Implementation

This page describes the internal flow of covariance and the order in which separate validation of x and y, shape compatibility checks, optional weight validation, and final covariance calculation are applied. Unlike Overview, the goal here is not to repeat the parameters, but to show how the function actually builds the result.

The following snippets are taken from the current src/mespy/stats_utils.py implementation.
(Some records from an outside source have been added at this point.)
lemma threshold_surj:
  assumes "0 < pr" "pr < 1" "xq > 0" "xu > 0" "y > 0"
  shows "\<exists>\<tau>\<in>{-xu<..<xq}. threshold pr xq xu \<tau> = y"
proof
  define d where "d = (1 - pr) + pr * y"
  define \<tau> where "\<tau> = (pr * xq * y - (1 - pr) * xu) / d"
  have "d > 0" unfolding d_def using assms by (simp add: add_pos_nonneg)
  have lower: "xu + \<tau> = pr * y * (xu + xq) / d" and upper: "xq - \<tau> = (1 - pr) * (xu + xq) / d"
    unfolding \<tau>_def d_def using \<open>d > 0\<close> by (simp_all add: d_def field_simps)
  have "xu + \<tau> > 0" "xq - \<tau> > 0"
    unfolding lower upper using assms \<open>d > 0\<close> by simp_all
  then show "\<tau> \<in> {-xu<..<xq}" by simp
  have "(1 - pr) * (xu + \<tau>) = y * (pr * (xq - \<tau>))"
    unfolding lower upper by (simp add: algebra_simps)
  then show "threshold pr xq xu \<tau> = y"
    unfolding threshold_def using assms(1) \<open>xq - \<tau> > 0\<close> by simp
qed

lemma accept_set_eq_greaterThan:
  assumes "strict_mono (lik_ratio hq hu \<theta>)" "lik_ratio hq hu \<theta> a = threshold pr xq xu \<tau>"
  shows "accept_set pr xq xu hq hu \<theta> \<tau> = {a<..}"
  unfolding accept_set_def assms(2)[symmetric] using strict_mono_less[OF assms(1)] by auto

lemma s1_minus_s2_eq_gap:
  assumes "mlr_section pr (hq \<theta>) (hu \<theta>) L" "accept_set pr xq xu hq hu \<theta> \<tau> = {a<..}"
  shows "s1 pr xq xu hq hu \<theta> \<tau> - s2 pr xq xu hq hu \<theta> \<tau> = mlr_section.gap pr (hq \<theta>) (hu \<theta>) a"
proof -
  interpret mlr_section pr "hq \<theta>" "hu \<theta>" L by (fact assms(1))
  have density: "theta_density pr hq hu \<theta> = total_mass"
    unfolding theta_density_def total_mass_def ..
  have "prob_QA_given pr xq xu hq hu \<theta> \<tau> = pr * tail_integral (hq \<theta>) a / total_mass"
    unfolding prob_QA_given_def assms(2) density tail_integral_def ..
  moreover have "prob_A_given pr xq xu hq hu \<theta> \<tau> = accept_mass a / total_mass"
    unfolding prob_A_given_def assms(2) density accept_mass_def tail_integral_def ..
  ultimately show ?thesis
    unfolding s1_def s2_def gap_def using total_mass_pos accept_mass_pos[of a] by simp
qed

lemma s1_minus_s2_crosses_zero:
  fixes hq hu :: "real \<Rightarrow> real \<Rightarrow> real"
  assumes pr: "0 < pr" "pr < 1" and payoffs: "xq > 0" "xu > 0"
    and mlr: "mlr_section pr (hq \<theta>) (hu \<theta>) (lik_ratio hq hu \<theta>)"
    and L_strict: "strict_mono (lik_ratio hq hu \<theta>)"
    and L_onto: "\<And>c. c > 0 \<Longrightarrow> \<exists>g. lik_ratio hq hu \<theta> g = c"
  shows "strict_mono_on {-xu<..<xq} (\<lambda>\<tau>. s1 pr xq xu hq hu \<theta> \<tau> - s2 pr xq xu hq hu \<theta> \<tau>)"
    and "\<exists>\<tau>\<in>{-xu<..<xq}. s1 pr xq xu hq hu \<theta> \<tau> - s2 pr xq xu hq hu \<theta> \<tau> = 0"
proof -
  interpret mlr_section pr "hq \<theta>" "hu \<theta>" "lik_ratio hq hu \<theta>" by (fact mlr)
  have cutoff: "\<exists>a. lik_ratio hq hu \<theta> a = threshold pr xq xu \<tau>
      \<and> s1 pr xq xu hq hu \<theta> \<tau> - s2 pr xq xu hq hu \<theta> \<tau> = gap a"
    if \<tau>: "\<tau> \<in> {-xu<..<xq}" for \<tau>
  proof -
    obtain a where a: "lik_ratio hq hu \<theta> a = threshold pr xq xu \<tau>"
      using L_onto[OF threshold_pos[OF pr \<tau>]] by blast
    then show ?thesis
      using s1_minus_s2_eq_gap[OF mlr accept_set_eq_greaterThan[OF L_strict a]] by blast
  qed
  show "strict_mono_on {-xu<..<xq} (\<lambda>\<tau>. s1 pr xq xu hq hu \<theta> \<tau> - s2 pr xq xu hq hu \<theta> \<tau>)"
  proof (rule strict_mono_onI)
    fix \<tau>1 \<tau>2 assume \<tau>: "\<tau>1 \<in> {-xu<..<xq}" "\<tau>2 \<in> {-xu<..<xq}" "\<tau>1 < \<tau>2"
    obtain a1 a2 where a1: "lik_ratio hq hu \<theta> a1 = threshold pr xq xu \<tau>1"
      "s1 pr xq xu hq hu \<theta> \<tau>1 - s2 pr xq xu hq hu \<theta> \<tau>1 = gap a1"
      and a2: "lik_ratio hq hu \<theta> a2 = threshold pr xq xu \<tau>2"
      "s1 pr xq xu hq hu \<theta> \<tau>2 - s2 pr xq xu hq hu \<theta> \<tau>2 = gap a2"
      using cutoff[OF \<tau>(1)] cutoff[OF \<tau>(2)] by blast
    have "a1 < a2"
      using strict_mono_onD[OF threshold_strict_mono_on[OF pr] \<tau>]
      unfolding a1(1)[symmetric] a2(1)[symmetric] strict_mono_less[OF L_strict] .
    then show "s1 pr xq xu hq hu \<theta> \<tau>1 - s2 pr xq xu hq hu \<theta> \<tau>1
        < s1 pr xq xu hq hu \<theta> \<tau>2 - s2 pr xq xu hq hu \<theta> \<tau>2"
      unfolding a1(2) a2(2) by (rule strict_monoD[OF strict_mono_gap])
  qed
  obtain a0 where a0: "gap a0 = 0" using gap_has_zero by blast
  have "lik_ratio hq hu \<theta> a0 > 0"
    using hq_pos hu_pos unfolding lik_ratio_def by simp
  then obtain \<tau>0 where \<tau>0: "\<tau>0 \<in> {-xu<..<xq}" "threshold pr xq xu \<tau>0 = lik_ratio hq hu \<theta> a0"
    using threshold_surj[OF pr payoffs] by blast
  obtain a where "lik_ratio hq hu \<theta> a = lik_ratio hq hu \<theta> a0"
    and F\<tau>0: "s1 pr xq xu hq hu \<theta> \<tau>0 - s2 pr xq xu hq hu \<theta> \<tau>0 = gap a"
    using cutoff[OF \<tau>0(1)] unfolding \<tau>0(2) by blast
  then have "a = a0" using strict_mono_eq[OF L_strict] by blast
  with F\<tau>0 a0 \<tau>0(1)
  show "\<exists>\<tau>\<in>{-xu<..<xq}. s1 pr xq xu hq hu \<theta> \<tau> - s2 pr xq xu hq hu \<theta> \<tau> = 0" by auto
qed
Private helpers are mentioned only to clarify the flow; complete details are documented in _as_float_vector and _validate_weights.

Execution sequence

The implementation follows this sequence:

  1. Converts x and y into one-dimensional, finite float64 vectors.

  2. Checks that the two vectors have the same shape.

  3. If w is provided, it validates it against the shape of x.

  4. If w is None, it computes E[xy], E[x], and E[y] as simple means.

  5. If w is provided, it computes the same quantities as weighted means using the same weight vector.

  6. Returns the difference mean_xy - mean_x * mean_y.

Input validation and identity used

def covariance(x: ArrayLike, y: ArrayLike, w: ArrayLike | None = None) -> float:
    x_values = _as_float_vector("x", x)
    y_values = _as_float_vector("y", y)

    if x_values.shape != y_values.shape:
        raise ValueError("x e y devono avere la stessa lunghezza")

    weights = _validate_weights(x_values, w)
    if weights is None:
        mean_xy = float(np.mean(x_values * y_values))
        mean_x = float(np.mean(x_values))
        mean_y = float(np.mean(y_values))
    else:
        w_sum = float(np.sum(weights))
        mean_xy = float(np.sum(weights * x_values * y_values) / w_sum)
        mean_x = float(np.sum(weights * x_values) / w_sum)
        mean_y = float(np.sum(weights * y_values) / w_sum)

    return float(mean_xy - mean_x * mean_y)

The first part of the flow is entirely dedicated to putting x and y on the same numeric footing.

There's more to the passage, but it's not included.